Application Gateway comes up in almost every enterprise design conversation eventually — usually when a team needs Layer 7 routing, WAF protection, or a path to expose internal services through Private Link. The gotchas in this space are significant enough that I keep coming back to them.

WAF vs Standard SKU

I default to WAF_v2 even when WAF isn't a stated requirement. The cost delta between Standard_v2 and WAF_v2 is small relative to later migration pain if threats or compliance requirements change. WAF starts in Detection mode, which logs but doesn't block — I use that during rollout to understand what rules would fire before switching to Prevention.

The two modes:

  • Detection: Logs rule matches, takes no action. Use during initial deployment to baseline false positives.
  • Prevention: Logs and blocks. Once you've reviewed Detection logs for 1-2 weeks and tuned exclusions, flip to this.
resource "azurerm_application_gateway" "main" {
name = "appgw-${var.workload}-${var.environment}"
resource_group_name = azurerm_resource_group.main.name
location = azurerm_resource_group.main.location

sku {
name = "WAF_v2"
tier = "WAF_v2"
capacity = 2
}

waf_configuration {
enabled = true
firewall_mode = "Prevention" # Start with Detection, flip when ready
rule_set_type = "OWASP"
rule_set_version = "3.2"
}

# ... gateway_ip_configuration, frontend_port, frontend_ip_configuration, etc.
}

NSG requirements for the App GW subnet

This is the one that catches people most often. App Gateway v2 requires specific inbound NSG rules on its subnet — without them the gateway fails health checks and backends appear unhealthy.

Required inbound rules:

PrioritySourceSource PortDestinationDestination PortAction
100GatewayManagerAnyAny65200-65535Allow
110AzureLoadBalancerAnyAnyAnyAllow
120Internet (or specific CIDR)AnyAny80, 443Allow

The 65200-65535 range is the App Gateway infrastructure communication port range. Blocking it causes the gateway to appear healthy in the portal but backends to show as "Unknown" or "Unhealthy."
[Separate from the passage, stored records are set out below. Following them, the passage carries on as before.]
(* (i) For $(t,x)$ with $0\le t<1$ and $|x|<B^*\sqrt{1-t}$, $\mathcal{L}J^*(t,x)=0$. (ii) For $(t,x)$ with $0\le t<1$ and $|x|>B^*\sqrt{1-t}$, $\mathcal{L}J^*(t,x)\le0$. Here $$J^*(t,x)=\begin{cases}(1-t)^{n+1/2}(F_{2n+1}+G_{2n+1})(x/\sqrt{1-t})\,j(B^* ), & |x|<B^*\sqrt{1-t},\\ g(t,x), & |x|\ge B^*\sqrt{1-t}.\end{cases}$$
   Context: For a function $\xi(t,x)$, $\mathcal{L}\xi=\frac{\partial\xi}{\partial t}-\frac{x}{1-t}\frac{\partial\xi}{\partial x}+\frac12\frac{\partial^2\xi}{\partial x^2}$. $n\ge0$ is an integer. $F_q(y):=\int_0^\infty u^{q-1}e^{yu-u^2/2}\,\mathrm{d}u$ and $G_q(y):=F_q(-y)$. $B^*>0$ is the unique zero of $B\mapsto(2n+1)-BF'_{2n+1}(B)/F_{2n+1}(B)$. $U(t,x)=(1-t)^{n+1/2}(B^* )^{2n+1}F_{2n+1}(x/\sqrt{1-t})/F_{2n+1}(B^* )$ if $x<B^*\sqrt{1-t}$, and $U(t,x)=x^{2n+1}$ otherwise. $g(t,x):=(U(t,x)-x^{2n+1})1_{\{x\le0\}}+(U(t,-x)+x^{2n+1})1_{\{x>0\}}$. $j(D):=\frac{1}{(F_{2n+1}+G_{2n+1})(D)}[D^{2n+1}+(B^* )^{2n+1}G_{2n+1}(D)/F_{2n+1}(B^* )]$. *)

theory Defs
  imports "HOL-Analysis.Analysis"
begin

definition Fq :: "nat \<Rightarrow> real \<Rightarrow> real" where
  "Fq q y = integral {0..} (\<lambda>u. u ^ (q - 1) * exp (y * u - u\<^sup>2 / 2))"

definition Gq :: "nat \<Rightarrow> real \<Rightarrow> real" where
  "Gq q y = Fq q (- y)"

definition Bstar :: "nat \<Rightarrow> real" where
  "Bstar n = (THE B. B > 0 \<and>
      real (2*n+1) - B * deriv (Fq (2*n+1)) B / Fq (2*n+1) B = 0)"

definition Ufun :: "nat \<Rightarrow> real \<Rightarrow> real \<Rightarrow> real" where
  "Ufun n t x = (if x < Bstar n * sqrt (1 - t)
     then (1 - t) powr (real n + 1/2) * (Bstar n) ^ (2*n+1)
            * Fq (2*n+1) (x / sqrt (1 - t)) / Fq (2*n+1) (Bstar n)
     else x ^ (2*n+1))"

definition gfun :: "nat \<Rightarrow> real \<Rightarrow> real \<Rightarrow> real" where
  "gfun n t x = (if x \<le> 0 then Ufun n t x - x ^ (2*n+1)
                 else Ufun n t (- x) + x ^ (2*n+1))"

definition jfun :: "nat \<Rightarrow> real \<Rightarrow> real" where
  "jfun n D = (1 / (Fq (2*n+1) D + Gq (2*n+1) D)) *
     (D ^ (2*n+1) + (Bstar n) ^ (2*n+1) * Gq (2*n+1) D / Fq (2*n+1) (Bstar n))"

definition Jstar :: "nat \<Rightarrow> real \<Rightarrow> real \<Rightarrow> real" where
  "Jstar n t x = (if \<bar>x\<bar> < Bstar n * sqrt (1 - t)
     then (1 - t) powr (real n + 1/2)
            * (Fq (2*n+1) (x / sqrt (1 - t)) + Gq (2*n+1) (x / sqrt (1 - t)))
            * jfun n (Bstar n)
     else gfun n t x)"

definition Lop :: "(real \<Rightarrow> real \<Rightarrow> real) \<Rightarrow> real \<Rightarrow> real \<Rightarrow> real" where
  "Lop \<xi> t x = deriv (\<lambda>s. \<xi> s x) t - x / (1 - t) * deriv (\<lambda>y. \<xi> t y) x
               + 1/2 * deriv (deriv (\<lambda>y. \<xi> t y)) x"

end

theory Submission
  imports Defs
begin

text \<open>\<open>F\<^sub>q\<close> is a Gaussian moment integral, so it can be differentiated under the integral sign
  (\<open>F\<^sub>q' = F\<^sub>q\<^sub>+\<^sub>1\<close>) and integration by parts gives \<open>F\<^sub>q'' = y F\<^sub>q' + q F\<^sub>q\<close>; the same ODE
  holds for \<open>G\<^sub>q\<close>.  This ODE says precisely that \<open>(1-t)\<^bsup>q/2\<^esup> \<Phi>(x/\<surd>(1-t))\<close> is
  \<open>\<L>\<close>-harmonic when \<open>\<Phi>\<close> solves it.  Inside the continuation region \<open>J\<^sup>*\<close> is of this form,
  hence (i); outside it differs from one by \<open>sgn x \<cdot> x\<^sup>2\<^sup>n\<^sup>+\<^sup>1\<close>, whose image under \<open>\<L>\<close>
  has the sign of \<open>n(1-t) - x\<^sup>2\<close>.  This is \<open>\<le> 0\<close> because \<open>B\<^sup>*\<^sup>2 \<ge> n + 1/2\<close>, which follows from
  the defining equation \<open>B F\<^sub>q'(B) = q F\<^sub>q(B)\<close> and the Cauchy--Schwarz inequality
  \<open>F\<^sub>q\<^sub>+\<^sub>1\<^sup>2 \<le> F\<^sub>q F\<^sub>q\<^sub>+\<^sub>2\<close>; Cauchy--Schwarz also makes \<open>B F\<^sub>q'(B)/F\<^sub>q(B)\<close> strictly increasing,
  which is why \<open>B\<^sup>*\<close> is well defined.\<close>

section \<open>Gaussian moment integrals\<close>

definition gauss_kernel :: "nat \<Rightarrow> real \<Rightarrow> real \<Rightarrow> real" where
  "gauss_kernel k y u = u ^ k * exp (y * u - u\<^sup>2 / 2)"

lemma Fq_Suc: "Fq (Suc k) y = integral {0..} (gauss_kernel k y)"
  unfolding Fq_def gauss_kernel_def[abs_def] by simp

lemma gauss_kernel_nonneg: "u \<ge> 0 \<Longrightarrow> gauss_kernel k y u \<ge> 0"
  by (simp add: gauss_kernel_def)

lemma continuous_on_gauss_kernel: "continuous_on S (gauss_kernel k y)"
  unfolding gauss_kernel_def by (intro continuous_intros) auto

lemma gauss_kernel_le_exp:
  assumes "u \<ge> 0"
  shows "gauss_kernel k y u \<le> exp ((y + real k + 1)\<^sup>2 / 2) * exp (- 1 * u)"
proof -
  have "u \<le> exp u" using exp_ge_add_one_self[of u] by linarith
  then have "u ^ k \<le> exp u ^ k"
    using assms by (intro power_mono) auto
  also have "\<dots> = exp (real k * u)" by (simp add: exp_of_nat_mult)
  finally have "gauss_kernel k y u \<le> exp (real k * u) * exp (y * u - u\<^sup>2 / 2)"
    unfolding gauss_kernel_def by (rule mult_right_mono) simp
  also have "\<dots> = exp ((y + real k + 1) * u - u\<^sup>2 / 2) * exp (- 1 * u)"
    by (simp add: exp_add[symmetric] algebra_simps)
  also have "\<dots> \<le> exp ((y + real k + 1)\<^sup>2 / 2) * exp (- 1 * u)"
  proof -
    have "0 \<le> (u - (y + real k + 1))\<^sup>2" by simp
    then show ?thesis by (intro mult_right_mono) (auto simp: power2_eq_square algebra_simps)
  qed
  finally show ?thesis .
qed

lemma gauss_kernel_integrable: "gauss_kernel k y integrable_on {0..}"
proof (rule measurable_bounded_by_integrable_imp_integrable_real)
  show "gauss_kernel k y \<in> borel_measurable (lebesgue_on {0..})"
    by (intro continuous_imp_measurable_on_sets_lebesgue continuous_on_gauss_kernel) auto
  show "(\<lambda>u. exp ((y + real k + 1)\<^sup>2 / 2) * exp (- 1 * u)) integrable_on {0..}"
    by (intro integrable_on_mult_right integrable_on_exp_minus_to_infinity) auto
  show "\<bar>gauss_kernel k y u\<bar> \<le> exp ((y + real k + 1)\<^sup>2 / 2) * exp (- 1 * u)" if "u \<in> {0..}" for u
    using gauss_kernel_le_exp[of u k y] gauss_kernel_nonneg[of u k y] that by auto
qed auto

lemma gauss_kernel_absolutely_integrable: "gauss_kernel k y absolutely_integrable_on {0..}"
  by (rule nonnegative_absolutely_integrable_1[OF gauss_kernel_integrable])
    (auto simp: gauss_kernel_nonneg)

lemma Fq_Suc_pos: "Fq (Suc k) y > 0"
proof -
  let ?c = "exp (- \<bar>y\<bar> * 2 - 2)"
  have lower: "?c \<le> gauss_kernel k y u" if "u \<in> {1..2}" for u
  proof -
    have "y * u \<ge> - \<bar>y\<bar> * 2"
    proof -
      have "\<bar>y * u\<bar> \<le> \<bar>y\<bar> * 2" using that by (simp add: abs_mult mult_left_mono)
      then show ?thesis by linarith
    qed
    moreover have "u\<^sup>2 \<le> 4"
      using that by (auto simp: power2_eq_square intro: order_trans[OF mult_mono[of u 2 u 2]])
    ultimately have "?c \<le> exp (y * u - u\<^sup>2 / 2)" by simp
    also have "\<dots> \<le> u ^ k * exp (y * u - u\<^sup>2 / 2)"
      using that by (simp add: one_le_power)
    finally show ?thesis unfolding gauss_kernel_def .
  qed
  have "0 < integral {1..2::real} (\<lambda>_. ?c)" by simp
  also have "\<dots> \<le> integral {1..2} (gauss_kernel k y)"
    by (rule integral_le[OF _ _ lower])
      (auto intro: integrable_continuous_interval continuous_on_gauss_kernel)
  also have "\<dots> \<le> Fq (Suc k) y" unfolding Fq_Suc
    by (rule integral_subset_le) (auto intro: integrable_continuous_interval
        continuous_on_gauss_kernel gauss_kernel_integrable gauss_kernel_nonneg)
  finally show ?thesis .
qed

lemma tendsto_integral_atLeast:
  fixes g :: "real \<Rightarrow> real"
  assumes "g absolutely_integrable_on {a..}"
  shows "((\<lambda>b. integral {a..b} g) \<longlongrightarrow> integral {a..} g) at_top"
proof -
  have "((\<lambda>b. LINT x:{a..b}|lebesgue. g x) \<longlongrightarrow> (LINT x:{a..}|lebesgue. g x)) at_top"
    by (rule tendsto_set_lebesgue_integral_at_top) (use assms in auto)
  moreover have "(LINT x:{a..}|lebesgue. g x) = integral {a..} g"
    using assms by (rule set_lebesgue_integral_eq_integral(2))
  moreover have "\<forall>\<^sub>F b in at_top. (LINT x:{a..b}|lebesgue. g x) = integral {a..b} g"
  proof (rule eventually_at_top_linorderI[of a])
    fix b assume "b \<ge> a"
    have "set_integrable lebesgue {a..b} g"
      by (rule set_integrable_subset[OF assms]) auto
    then show "(LINT x:{a..b}|lebesgue. g x) = integral {a..b} g"
      by (rule set_lebesgue_integral_eq_integral(2))
  qed
  ultimately show ?thesis by (simp add: filterlim_cong)
qed

lemma integral_atLeast_0_derivative:
  fixes h d :: "real \<Rightarrow> real"
  assumes der: "\<And>u. (h has_real_derivative d u) (at u)"
    and int: "d absolutely_integrable_on {0..}"
    and lim: "(h \<longlongrightarrow> 0) at_top"
  shows "integral {0..} d = - h 0"
proof -
  have "\<forall>\<^sub>F b in at_top. integral {0..b} d = h b - h 0"
  proof (rule eventually_at_top_linorderI[of 0])
    fix b :: real assume "b \<ge> 0"
    have "(d has_integral (h b - h 0)) {0..b}"
      by (rule fundamental_theorem_of_calculus[OF \<open>b \<ge> 0\<close>])
        (auto simp flip: has_real_derivative_iff_has_vector_derivative
          intro: has_field_derivative_at_within der)
    then show "integral {0..b} d = h b - h 0" by (rule integral_unique)
  qed
  moreover have "((\<lambda>b. h b - h 0) \<longlongrightarrow> 0 - h 0) at_top"
    by (intro tendsto_intros lim)
  ultimately have "((\<lambda>b. integral {0..b} d) \<longlongrightarrow> - h 0) at_top"
    by (simp add: filterlim_cong)
  with tendsto_integral_atLeast[OF int] show ?thesis
    using tendsto_unique by (metis trivial_limit_at_top_linorder)
qed

lemma Fq_2: "Fq 2 y = y * Fq 1 y + 1"
proof -
  let ?h = "\<lambda>u::real. exp (y * u - u\<^sup>2 / 2)"
  let ?d = "\<lambda>u. y * gauss_kernel 0 y u - gauss_kernel 1 y u"
  have "integral {0..} ?d = - ?h 0"
  proof (rule integral_atLeast_0_derivative)
    show "(?h has_real_derivative ?d u) (at u)" for u
      unfolding gauss_kernel_def by (auto intro!: derivative_eq_intros simp: algebra_simps)
    show "?d absolutely_integrable_on {0..}"
      by (intro set_integral_diff(1) set_integrable_mult_right gauss_kernel_absolutely_integrable)
    show "(?h \<longlongrightarrow> 0) at_top" by real_asymp
  qed
  moreover have "integral {0..} ?d = y * Fq (Suc 0) y - Fq (Suc (Suc 0)) y"
    unfolding Fq_Suc
    by (subst integral_diff) (auto intro: integrable_on_mult_right gauss_kernel_integrable)
  ultimately show ?thesis by (simp add: numeral_2_eq_2)
qed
resource "azurerm_network_security_group" "appgw" {
name = "nsg-appgw-${var.environment}"
location = azurerm_resource_group.main.location
resource_group_name = azurerm_resource_group.main.name

security_rule {
name = "AllowGatewayManager"
priority = 100
direction = "Inbound"
access = "Allow"
protocol = "*"
source_port_range = "*"
destination_port_range = "65200-65535"
source_address_prefix = "GatewayManager"
destination_address_prefix = "*"
}

security_rule {
name = "AllowAzureLoadBalancer"
priority = 110
direction = "Inbound"
access = "Allow"
protocol = "*"
source_port_range = "*"
destination_port_range = "*"
source_address_prefix = "AzureLoadBalancer"
destination_address_prefix = "*"
}

security_rule {
name = "AllowHTTPSInbound"
priority = 120
direction = "Inbound"
access = "Allow"
protocol = "Tcp"
source_port_range = "*"
destination_port_ranges = ["80", "443"]
source_address_prefix = "Internet"
destination_address_prefix = "*"
}
}

This is the one that generates the most confusion: you cannot use Private Link with a private-only Application Gateway.

The scenario that comes up: "We want an internal Application Gateway with no public IP, and we want to expose it to consumers in other VNets or tenants via Private Link." This combination doesn't work. Private Link for App Gateway requires a frontend public IP to be present on the gateway.

The options:

Option 1: Add a public IP but block all inbound public traffic via NSG

The public IP satisfies the Private Link prerequisite. An NSG on the App GW subnet denies all inbound internet traffic. Private Link consumers access the gateway via the Private Endpoint, which routes to the private IP internally — they're never touching the public frontend.

# App GW with both public and private frontends
resource "azurerm_public_ip" "appgw" {
name = "pip-appgw-${var.environment}"
resource_group_name = azurerm_resource_group.main.name
location = azurerm_resource_group.main.location
allocation_method = "Static"
sku = "Standard"
}

# NSG rule blocking all internet inbound on 80/443
security_rule {
name = "DenyInternetInbound"
priority = 4000
direction = "Inbound"
access = "Deny"
protocol = "Tcp"
source_port_range = "*"
destination_port_ranges = ["80", "443"]
source_address_prefix = "Internet"
destination_address_prefix = "*"
}

Option 2: Private-only App GW (no Private Link)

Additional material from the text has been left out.